A Volcano plot depicting significantly differentially secreted proteins in IDH1-het vs. IDH1-wt KG-1a cells following IL-1β stimulation (10 ng/mL, 18 h), based on n = 6 biological replicates and measured using the Olink® Target 96 Inflammation panel. Dashed horizontal line indicates a -log10 adjusted p-value threshold of 1.3 (p = 0.05); vertical dashed lines represent log2 fold change cutoffs of ±1. B Bar plot showing GSEA results based on transcriptomic profiles of IL-1β–stimulated IDH1-wt and IDH1-het KG-1a cells. Selected hallmark gene sets are ranked by NES. Yellow bars indicate positive enrichment, green bars negative enrichment. Asterisks denote significance based on FDR q-values: *q < 0.05. C ELISA measurement of TRAIL levels in cell supernatants of IDH1-wt and IDH1-het KG-1a cells following stimulation with HS-5 CM for 48 h, with or without Anakinra (10 µg/ml) treatment. Data represent mean ± SD from three independent biological replicates. Statistical analysis: unpaired two-tailed t-tests with Šidák correction for multiple comparisons; *p < 0.05, **p < 0.01; n.s. = not significant. D Flow cytometric quantification of apoptosis (% Annexin V+ cells) in IDH1-wt and IDH1-het cells after 48 h of stimulation with 10 ng/ml IL-1β or HS-5 CM, with or without Anakinra (10 µg/ml) treatment. Data represent mean ± SD from three independent biological replicates. Statistical analysis: unpaired two-tailed t-tests with Šidák correction for multiple comparisons; *p < 0.05, **p < 0.01, ***p < 0.001; n.s. = not significant. E, F Caspase-3/7 activation in IDH1-wt and IDH1-het KG-1a cells under control conditions or with HS-5 stromal cell–derived conditioned media (CM) over 72 h, assessed by live-cell fluorescence imaging without (E) or with 10 µg/ml Anakinra (F). Fluorescence was measured at 0, 24, 48 and 72 h. Data represent mean ± SD of n = 3 biological replicates. Statistical analysis was performed using two-way repeated measures ANOVA; Geisser-Greenhouse correction was applied in (E) due to violation of sphericity. **p < 0.01, n.s. = not significant.

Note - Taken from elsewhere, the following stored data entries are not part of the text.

(* Let $X$ be a set. For any totally bounded uniformity $\mathcal{U}$ on $X$ we have $\mathcal{U} =_T [\kappa]^{<\omega}$, where $\kappa=\operatorname{cof}(\mathcal{U})$. More generally, for any uniformity $\mathcal{U}$ on $X$ and any totally bounded subset $S\subseteq X$ we have $\mathcal{U}\restriction S =_T [\kappa]^{<\omega}$, where $\kappa=\operatorname{cof}(\mathcal{U}\restriction S)$.
   Context: Uniformities are ordered by reverse inclusion. For $U$ in a uniformity and $x\in X$, $U[x]=\{y:(x,y)\in U\}$. A uniformity $\mathcal{U}$ on $X$ is totally bounded if for every $U\in\mathcal{U}$ there is a finite $F\subseteq X$ with $\bigcup_{x\in F}U[x]=X$; a subset $S$ is totally bounded if the induced uniformity $\mathcal{U}\restriction S=\{U\cap S^2:U\in\mathcal{U}\}$ on $S$ is totally bounded. $\operatorname{cof}(P)$ is the least size of a cofinal subset of a directed set $P$. $[\kappa]^{<\omega}$ is the set of finite subsets of $\kappa$ ordered by inclusion. For directed sets $P,Q$, $P \ge_T Q$ means there is a map $\phi:P\to Q$ such that $\phi(C)$ is cofinal in $Q$ for every cofinal $C\subseteq P$; $P =_T Q$ means $P\ge_T Q$ and $Q \ge_T P$. *)

theory Defs
  imports Main
begin

definition uniformity :: "'a set \<Rightarrow> ('a \<times> 'a) set set \<Rightarrow> bool" where
  "uniformity X \<U> \<longleftrightarrow>
     \<U> \<noteq> {} \<and>
     (\<forall>U\<in>\<U>. U \<subseteq> X \<times> X) \<and>
     (\<forall>U\<in>\<U>. Id_on X \<subseteq> U) \<and>
     (\<forall>U\<in>\<U>. \<forall>V. U \<subseteq> V \<and> V \<subseteq> X \<times> X \<longrightarrow> V \<in> \<U>) \<and>
     (\<forall>U\<in>\<U>. \<forall>V\<in>\<U>. U \<inter> V \<in> \<U>) \<and>
     (\<forall>U\<in>\<U>. converse U \<in> \<U>) \<and>
     (\<forall>U\<in>\<U>. \<exists>V\<in>\<U>. V O V \<subseteq> U)"

definition restr_unif :: "('a \<times> 'a) set set \<Rightarrow> 'a set \<Rightarrow> ('a \<times> 'a) set set" where
  "restr_unif \<U> S = (\<lambda>U. U \<inter> (S \<times> S)) ` \<U>"

definition totally_bounded_unif :: "'a set \<Rightarrow> ('a \<times> 'a) set set \<Rightarrow> bool" where
  "totally_bounded_unif X \<U> \<longleftrightarrow>
     (\<forall>U\<in>\<U>. \<exists>F. finite F \<and> F \<subseteq> X \<and> (\<Union>x\<in>F. U `` {x}) = X)"

definition totally_bounded_subset :: "('a \<times> 'a) set set \<Rightarrow> 'a set \<Rightarrow> bool" where
  "totally_bounded_subset \<U> S \<longleftrightarrow> totally_bounded_unif S (restr_unif \<U> S)"

text \<open>Directed sets are given by a carrier P and an order le (le p q means p is below q).\<close>
definition cofinal_in :: "'p set \<Rightarrow> ('p \<Rightarrow> 'p \<Rightarrow> bool) \<Rightarrow> 'p set \<Rightarrow> bool" where
  "cofinal_in P le C \<longleftrightarrow> C \<subseteq> P \<and> (\<forall>p\<in>P. \<exists>c\<in>C. le p c)"

text \<open>C is a cofinal subset of least cardinality, so |C| = cof(P).\<close>
definition min_cofinal :: "'p set \<Rightarrow> ('p \<Rightarrow> 'p \<Rightarrow> bool) \<Rightarrow> 'p set \<Rightarrow> bool" where
  "min_cofinal P le C \<longleftrightarrow> cofinal_in P le C \<and>
     (\<forall>C'. cofinal_in P le C' \<longrightarrow> ordLeq3 (card_of C) (card_of C'))"

definition tukey_ge :: "'p set \<Rightarrow> ('p \<Rightarrow> 'p \<Rightarrow> bool) \<Rightarrow> 'q set \<Rightarrow> ('q \<Rightarrow> 'q \<Rightarrow> bool) \<Rightarrow> bool" where
  "tukey_ge P leP Q leQ \<longleftrightarrow>
     (\<exists>\<phi>. (\<forall>p\<in>P. \<phi> p \<in> Q) \<and>
          (\<forall>C. cofinal_in P leP C \<longrightarrow> cofinal_in Q leQ (\<phi> ` C)))"

definition tukey_eq :: "'p set \<Rightarrow> ('p \<Rightarrow> 'p \<Rightarrow> bool) \<Rightarrow> 'q set \<Rightarrow> ('q \<Rightarrow> 'q \<Rightarrow> bool) \<Rightarrow> bool" where
  "tukey_eq P leP Q leQ \<longleftrightarrow> tukey_ge P leP Q leQ \<and> tukey_ge Q leQ P leP"

definition rev_incl :: "'b set \<Rightarrow> 'b set \<Rightarrow> bool" where
  "rev_incl U V \<longleftrightarrow> V \<subseteq> U"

Inflammatory signaling is increasingly recognized as a determinant of AML biology, contributing to disease progression and hematopoietic dysfunction [11], yet, it remains unclear how genetic drivers modulate these pathways. Here we show that IDH1-mut AML is characterized by downregulation of inflammatory signaling pathways, consistent with prior reports linking IDH1 mutations to immune suppression [12]. Low expression levels of IL1R1, a central regulator of inflammatory pathways, correlated with improved chemotherapy response and survival in both IDH1-wt and IDH1-mut AML, with significant enrichment of IDH1-mut samples among IL1R1-low cases. This extends previous studies identifying high IL1R1 expression as a negative prognostic marker [13, 14] by showing that IL1R1-low status is significantly enriched in IDH1-mut AML. Functionally, IDH1-mut AML cells showed an apoptosis-prone response to IL-1β or stromal-derived inflammatory stimuli, contrasting the general pro-survival effects of IL-1β in AML. Reduced IL1R1 expression underpinned this IDH1-specific phenotype, as IL1R1 blockade with Anakinra reversed apoptosis in IDH1-mut but not IDH1-wt cells. At the molecular level, IDH1-mut AML showed impaired IL1R1-mediated signaling, reduced NF-κB activation, selective TRAIL induction, and enrichment of pro-apoptotic transcriptional programs. Although additional 2-HG-dependent epigenetic alterations may contribute to this phenotype, the consistent association of low IL1R1 expression with improved response and survival indicates a biologically relevant vulnerability in IDH1-mut AML. Importantly, this does not imply that IL1R1 should be therapeutically inhibited in this subgroup. On the contrary, our data suggest that intact IL1R1 signaling facilitates apoptosis induction in IDH1-mut cells under inflammatory conditions, indicating that its activity may in fact contribute to therapeutic efficacy. Accordingly, IL1R antagonists such as Anakinra or canakinumab, currently evaluated in hematologic malignancies (NCT04239157) [7, 15], may require genotype-specific consideration. These findings may also have implications for IDH1-targeted therapies such as Ivosidenib, which lower 2-HG levels and promote differentiation.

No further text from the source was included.